8. Conclusion: Fuel (Context) Determines Performance More Than the Engine (LLM)
Debois closes by framing the full loop as two nested cycles:
- Individual/author loop: generate context + test it (the library-authoring loop)
- Organizational loop: someone uses it → observe → improve → redeploy (the scaling loop)
Most teams today are still tuning prompts individually. The invitation is to make this a team reflex: when something is missing, add context — automatically, without debate. Once that becomes team culture, other teams reuse it, and the organizational flywheel starts turning.
"Right now you're polishing Markdown alone." "What if your team did this together?

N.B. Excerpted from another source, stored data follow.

(* For all $x, e \in \mathcal{P}$ we have $x \in \ell_e$ if and only if $e \in \ell_{x^{q/2}}$.
   Context: Let $q = 2^m$, let $E = \mathbb{F}_{q^4}$, and define $\mathcal{P} = \{x \in E \mid x^{q^3+q^2+q+1} = 1\}$. For $e \in \mathcal{P}$, let $$\ell_e = \{x \in \mathcal{P} \mid x^{q+1} + (e^{q^2+q+2} + e^{q+1})x + e^2 = 0\}.$$ *)

theory Defs
  imports Main
begin

text \<open>Here E is modelled as a finite field type 'a of cardinality q^4, q = 2^m.
  calP q is the set of x with x^(q^3+q^2+q+1) = 1, and ell q e is the line l_e.\<close>

definition calP :: "nat \<Rightarrow> 'a::field set" where
  "calP q = {x. x ^ (q^3 + q^2 + q + 1) = 1}"

definition ell :: "nat \<Rightarrow> 'a::field \<Rightarrow> 'a set" where
  "ell q e = {x \<in> calP q. x ^ (q + 1) + (e ^ (q^2 + q + 2) + e ^ (q + 1)) * x + e ^ 2 = 0}"

end

theory Submission
  imports Defs "HOL-Computational_Algebra.Primes" "HOL-Number_Theory.Residues"
begin

text \<open>Write \<open>L(e, x)\<close> for the polynomial defining \<open>\<ell>\<^sub>e\<close> and \<open>y = x\<^bsup>q/2\<^esup>\<close>, so \<open>y\<^sup>2 = x\<^sup>q\<close>.
  Since the Frobenius map commutes with \<open>L\<close>, expanding and reducing with the norm relations
  \<open>x\<^bsup>1+q+q\<^sup>2+q\<^sup>3\<^esup> = e\<^bsup>1+q+q\<^sup>2+q\<^sup>3\<^esup> = 1\<close> gives the identity
  \<open>x L(y, e)\<^sup>2 = x\<^sup>q L(e, x) + e\<^sup>2 x L(e, x)\<^sup>q\<close> in characteristic 2.
  Hence \<open>L(e, x) = 0\<close> forces \<open>L(y, e) = 0\<close>. Applying the same identity to the pair \<open>(y, e)\<close>,
  and noting \<open>L(e\<^bsup>q/2\<^esup>, y)\<^sup>2 = L(e, x)\<^sup>q\<close>, gives the converse.\<close>

definition ell_poly :: "nat \<Rightarrow> 'a::comm_semiring_1 \<Rightarrow> 'a \<Rightarrow> 'a" where
  "ell_poly q e x = x ^ (q + 1) + (e ^ (q^2 + q + 2) + e ^ (q + 1)) * x + e ^ 2"

lemma ell_altdef: "ell q e = {x \<in> calP q. ell_poly q e x = 0}"
  by (simp add: ell_def ell_poly_def)

lemma calP_nonzero: "x \<in> calP q \<Longrightarrow> x \<noteq> 0"
  by (auto simp: calP_def)

lemma power_calP:
  assumes "x \<in> calP q"
  shows "x ^ k \<in> calP q"
proof -
  have "(x ^ k) ^ (q^3 + q^2 + q + 1) = (x ^ (q^3 + q^2 + q + 1)) ^ k"
    by (metis mult.commute power_mult)
  then show ?thesis
    using assms by (simp add: calP_def)
qed

lemma power_half_power_2_squared:
  "m \<ge> 1 \<Longrightarrow> (z ^ 2 ^ (m - 1)) ^ 2 = (z::'a::monoid_mult) ^ 2 ^ m"
  by (simp flip: power_mult power_Suc2)

lemma CHAR_eq_2_if_card_eq_power_of_2:
  assumes "card (UNIV :: 'a::{idom,finite} set) = 2 ^ k"
  shows "CHAR('a) = 2"
proof -
  have "prime CHAR('a)"
    by (simp add: finite_imp_CHAR_pos prime_CHAR_semidom)
  moreover have "CHAR('a) dvd 2 ^ k"
    using CHAR_dvd_CARD[where 'a = 'a] assms by simp
  ultimately have "CHAR('a) dvd 2"
    using prime_dvd_power by blast
  with \<open>prime CHAR('a)\<close> show ?thesis
    by (simp add: primes_dvd_imp_eq)
qed

lemma ell_poly_power_CHAR_power:
  fixes e x :: "'a::comm_semiring_1"
  assumes "prime CHAR('a)" and "p = CHAR('a) ^ k"
  shows "ell_poly q e x ^ p = ell_poly q (e ^ p) (x ^ p)"
  unfolding ell_poly_def
  by (simp add: freshmans_dream'[OF assms] power_mult_distrib flip: power_mult)
     (simp add: mult.commute)

lemma norm_power_expand:
  fixes z :: "'a::comm_monoid_mult"
  shows "z ^ (q^3 + q^2 + q + 1) = z * z ^ q * z ^ q^2 * z ^ q^3"
    and "(z ^ q) ^ (q^2 + q + 2) = z ^ q^3 * z ^ q^2 * (z ^ q)^2"
    and "(z ^ q) ^ (q + 1) = z ^ q^2 * z ^ q"
    and "z ^ (q^2 + q + 2) = z ^ q^2 * z ^ q * z^2"
    and "z ^ (q + 1) = z ^ q * z"
  by (simp_all add: power_add power2_eq_square power3_eq_cube mult_ac flip: power_mult)

text \<open>With \<open>X\<^sub>i = x\<^bsup>q\<^sup>i\<^esup>\<close> and \<open>A\<^sub>i = a\<^bsup>q\<^sup>i\<^esup>\<close> this is the identity below with all
  powers expanded; it holds up to a multiple of 2, which vanishes in characteristic 2.\<close>

lemma reduced_ell_identity:
  fixes x a X1 X2 X3 A1 A2 A3 :: "'a::comm_ring_1"
  assumes "x * X1 * X2 * X3 = 1" and "a * A1 * A2 * A3 = 1"
  shows "x * ((A1 * a)^2 + (X3 * X2 * X1^2 + X2 * X1) * a^2 + X1^2)
      + 2 * (x * X1 * A1 * a * (A2 * a + 1))
    = X1 * (X1 * x + (A2 * A1 * a^2 + A1 * a) * x + a^2)
      + a^2 * x * (X2 * X1 + (A3 * A2 * A1^2 + A2 * A1) * X1 + A1^2)"
  (is "?lhs = ?rhs")
proof -
  have "?rhs - ?lhs = a * x * X1 * A1 * (a * A1 * A2 * A3 - 1) - X1 * a^2 * (x * X1 * X2 * X3 - 1)"
    by (simp add: algebra_simps power2_eq_square)
  then show ?thesis
    using assms by simp
qed

lemma ell_poly_squared_identity:
  fixes a x y :: "'a::field"
  assumes "CHAR('a) = 2" and "q = 2 ^ m" and "a \<in> calP q" and "x \<in> calP q"
    and "y ^ 2 = x ^ q"
  shows "x * ell_poly q y a ^ 2 = x ^ q * ell_poly q a x + a^2 * x * ell_poly q a x ^ q"
proof -
  have char: "prime CHAR('a)" "(2::'a) = 0"
    using assms(1) of_nat_CHAR[where 'a = 'a] by auto
  have "ell_poly q y a ^ 2 = ell_poly q (x ^ q) (a ^ 2)"
    using ell_poly_power_CHAR_power[OF char(1), where p = 2 and k = 1] assms(1,5) by simp
  moreover have "ell_poly q a x ^ q = ell_poly q (a ^ q) (x ^ q)"
    using ell_poly_power_CHAR_power[OF char(1), of q m] assms(1,2) by simp
  moreover have "(a ^ 2) ^ (q + 1) = (a ^ q * a) ^ 2"
    by (simp add: power_mult_distrib flip: power_mult) (simp add: mult.commute)
  moreover have "x * ell_poly q (x ^ q) (a ^ 2) + 2 * (x * x^q * a^q * a * (a^q^2 * a + 1))
      = x ^ q * ell_poly q a x + a^2 * x * ell_poly q (a ^ q) (x ^ q)"
    using assms(4,3)
    unfolding calP_def mem_Collect_eq ell_poly_def norm_power_expand[of a q]
      norm_power_expand[of x q] \<open>(a ^ 2) ^ (q + 1) = (a ^ q * a) ^ 2\<close>
    by (rule reduced_ell_identity)
  ultimately show ?thesis
    using char(2) by (simp add: power_mult_distrib flip: power_mult)
qed

lemma ell_poly_half_powers_squared:
  fixes e x :: "'a::comm_semiring_1"
  assumes "CHAR('a) = 2" and "m \<ge> 1"
  shows "ell_poly q (e ^ 2 ^ (m - 1)) (x ^ 2 ^ (m - 1)) ^ 2 = ell_poly q e x ^ 2 ^ m"
proof -
  have "ell_poly q (e ^ 2 ^ (m - 1)) (x ^ 2 ^ (m - 1)) ^ 2
      = ell_poly q ((e ^ 2 ^ (m - 1)) ^ 2) ((x ^ 2 ^ (m - 1)) ^ 2)"
    by (rule ell_poly_power_CHAR_power[where k = 1]) (simp_all add: assms(1))
  also have "\<dots> = ell_poly q (e ^ 2 ^ m) (x ^ 2 ^ m)"
    by (simp only: power_half_power_2_squared[OF assms(2)])
  also have "\<dots> = ell_poly q e x ^ 2 ^ m"
    by (rule ell_poly_power_CHAR_power[where k = m, symmetric]) (simp_all add: assms(1))
  finally show ?thesis .
qed

lemma ell_poly_eq_0_iff_half_power:
  fixes e x :: "'a::field"
  assumes "CHAR('a) = 2" and "m \<ge> 1" and "e \<in> calP (2 ^ m)" and "x \<in> calP (2 ^ m)"
  shows "ell_poly (2 ^ m) e x = 0 \<longleftrightarrow> ell_poly (2 ^ m) (x ^ 2 ^ (m - 1)) e = 0"
proof -
  define q :: nat where "q = 2 ^ m"
  define y where "y = x ^ 2 ^ (m - 1)"
  have y_sq: "y ^ 2 = x ^ q" and e_half_sq: "(e ^ 2 ^ (m - 1)) ^ 2 = e ^ q"
    using power_half_power_2_squared[OF assms(2)] by (simp_all add: q_def y_def)
  have "x * ell_poly q y e ^ 2 = x ^ q * ell_poly q e x + e^2 * x * ell_poly q e x ^ q"
    using ell_poly_squared_identity[OF assms(1) q_def assms(3,4)[folded q_def] y_sq] .
  moreover have "e * ell_poly q e x ^ q = e ^ q * ell_poly q y e + y^2 * e * ell_poly q y e ^ q"
  proof -
    have "y \<in> calP q" and "e \<in> calP q"
      using power_calP assms(3,4) by (simp_all add: q_def y_def)
    then have "e * ell_poly q (e ^ 2 ^ (m - 1)) y ^ 2
        = e ^ q * ell_poly q y e + y^2 * e * ell_poly q y e ^ q"
      by (rule ell_poly_squared_identity[OF assms(1) q_def _ _ e_half_sq])
    moreover have "ell_poly q (e ^ 2 ^ (m - 1)) y ^ 2 = ell_poly q e x ^ q"
      using ell_poly_half_powers_squared[OF assms(1,2)] by (simp add: q_def y_def)
    ultimately show ?thesis
      by simp
  qed
  moreover have "q > 0" "x \<noteq> 0" "e \<noteq> 0"
    using assms(3,4) by (simp_all add: q_def calP_nonzero)
  ultimately have "ell_poly q e x = 0 \<longleftrightarrow> ell_poly q y e = 0"
    by (auto simp: power_0_left)
  then show ?thesis
    by (simp add: q_def y_def)
qed

theorem mainTheorem7:
  fixes m :: nat and x e :: "'a::{field,finite}"
  assumes "m \<ge> 1"
    and "card (UNIV :: 'a set) = (2 ^ m) ^ 4"
    and "x \<in> calP (2 ^ m)" and "e \<in> calP (2 ^ m)"
  shows "x \<in> ell (2 ^ m) e \<longleftrightarrow> e \<in> ell (2 ^ m) (x ^ (2 ^ (m - 1)))"
proof -
  have "CHAR('a) = 2"
    using CHAR_eq_2_if_card_eq_power_of_2 assms(2) by (metis power_mult)
  then have "ell_poly (2 ^ m) e x = 0 \<longleftrightarrow> ell_poly (2 ^ m) (x ^ 2 ^ (m - 1)) e = 0"
    using ell_poly_eq_0_iff_half_power assms(1,3,4) by blast
  then show ?thesis
    using assms(3,4) by (simp add: ell_altdef)
qed

end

Make it a reflex — when something's missing, add context." "Scale that to teams of teams and you get a flywheel: fix it here, another team reuses it."

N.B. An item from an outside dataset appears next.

(* For every $(a',b',c')\in\mathbb{C}^3$, the formal deformation $(\{\cdot,\cdot\}^{[a',b',c']}_n)_{n\ge0}$ of $\widetilde J$ is modular-isomorphic to one of the following: (1) $(\{\cdot,\cdot\}^{[1,b,c]}_n)_{n\ge0}$ for some $(b,c)\in\mathbb{C}^2$; (2) $(\{\cdot,\cdot\}^{[0,1,c]}_n)_{n\ge0}$ for some $c\in\mathbb{C}$; (3) $(\{\cdot,\cdot\}^{[0,0,c]}_n)_{n\ge0}$ for some $c\in\mathbb{C}$. Moreover, any two distinct deformations in this list (distinct families, or the same family with different parameter values) are not modular-isomorphic.
   Context: Let $\widetilde J=\mathbb{C}[E_4,E_6,A,B]$ be the polynomial algebra in four algebraically independent variables, bigraded by weight and index, where $E_4$ has weight $4$ and index $0$, $E_6$ has weight $6$ and index $0$, $A$ has weight $-2$ and index $1$, $B$ has weight $0$ and index $1$; $\widetilde J_{k,p}$ denotes the homogeneous component of weight $k$ and index $p$. (This is the algebra of weak Jacobi forms of even weight on $\mathrm{SL}(2,\mathbb{Z})$.) For $(a,b)\in\mathbb{C}^2$, $S_{a,b}$ is the derivation of $\widetilde J$ with $S_{a,b}(E_4)=-\tfrac13E_6$, $S_{a,b}(E_6)=-\tfrac12E_4^2$, $S_{a,b}(A)=aB$, $S_{a,b}(B)=bE_4A$. For $c\in\mathbb{C}$ and $n\ge0$, $\{\cdot,\cdot\}^{[a,b,c]}_n$ is the bilinear map on $\widetilde J$ defined on homogeneous $f\in\widetilde J_{k,p}$, $g\in\widetilde J_{\ell,q}$ by $\{f,g\}^{[a,b,c]}_n=\sum_{r=0}^n(-1)^r\binom{k+cp+n-1}{n-r}\binom{\ell+cq+n-1}{r}S_{a,b}^r(f)\,S_{a,b}^{n-r}(g)$ (complex binomial coefficients $\binom{x}{m}=x(x-1)\cdots(x-m+1)/m!$). Each such sequence is a formal deformation of $\widetilde J$. Two such formal deformations $(\{\cdot,\cdot\}^{[a,b,c]}_n)_n$ and $(\{\cdot,\cdot\}^{[a',b',c']}_n)_n$ are modular-isomorphic if there is a $\mathbb{C}$-linear bijection $\phi:\widetilde J\to\widetilde J$ mapping each $\widetilde J_{k,p}$ into $\widetilde J_{k,p}$ and such that $\phi(\{f,g\}^{[a,b,c]}_j)=\{\phi(f),\phi(g)\}^{[a',b',c']}_j$ for all $j\ge0$ and $f,g\in\widetilde J$. *)

theory Defs
  imports Complex_Main "HOL-Library.Poly_Mapping" "HOL-Library.Product_Plus"
begin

He lands the talk with its most memorable analogy. LLMs and coding agents are the engine; context is the fuel. You can't easily swap out the engine — but you can engineer the fuel.
"Coding agents and LLMs are just engines." "Put the wrong fuel — the wrong context — in an engine and it won't perform." "I can't change the LLM. But I can optimize the context." "Not by copy-pasting and hoping for the best — by engineering it."
He wraps up by inviting the audience to connect on LinkedIn for the slides, encouraging them to try some of these ideas as implemented at Tessl, and announcing AI DevCon (London, June 1–2) where he curates content — then opens the floor for Q&A.
9. Q&A: "What About More Exotic Forms of Context?"
An audience member describes building an automation system that takes architectural problems, converts them into goals, and generates tests — and asks about using consistency itself as an eval signal: if a loose definition is sharpened into a crisp definition multiple times and the results vary, the original definition was poor; if the results are consistent, the definition is solid.
"Can consistency be used as a context or an eval signal?" "Run it multiple times — if the 'sharper definition' keeps coming out the same, it's decent; if it varies wildly, the original definition is too poor."
Debois doesn't offer a tidy answer to the exotic case. Instead, he points to what people underestimate: teams expect context to save time compared to code, but the real time goes into writing good evals. Advanced practitioners end up building their own meta-process — a process for creating the evals that will validate their context — on top of everything else.
"You thought you'd write less code and save time with context … " "But doing this properly takes time — time spent writing the right evals." "You're no longer just aligning one prompt; you're aligning all the eval prompts too." "Advanced users build their own process on top — just for producing evals that fit their business case."
He thanks the questioner, takes a few more, then closes by letting the audience know he'll be at the Tessl booth.
"Great question. Thank you." "If there are no more questions … I'll be around. Come find me at the Tessl booth."
Closing Thoughts
This talk makes the case that the central challenge of the AI coding era is not choosing a better model — it is engineering context as systematically as we engineer code. Specifically, building context tests (evals), packaging and registry infrastructure with appropriate security, and observation loops grounded in logs, PR feedback, and production failures creates the machinery to continuously improve context. That moves teams beyond individual prompt-wrangling into an organizational productivity flywheel that compounds over time.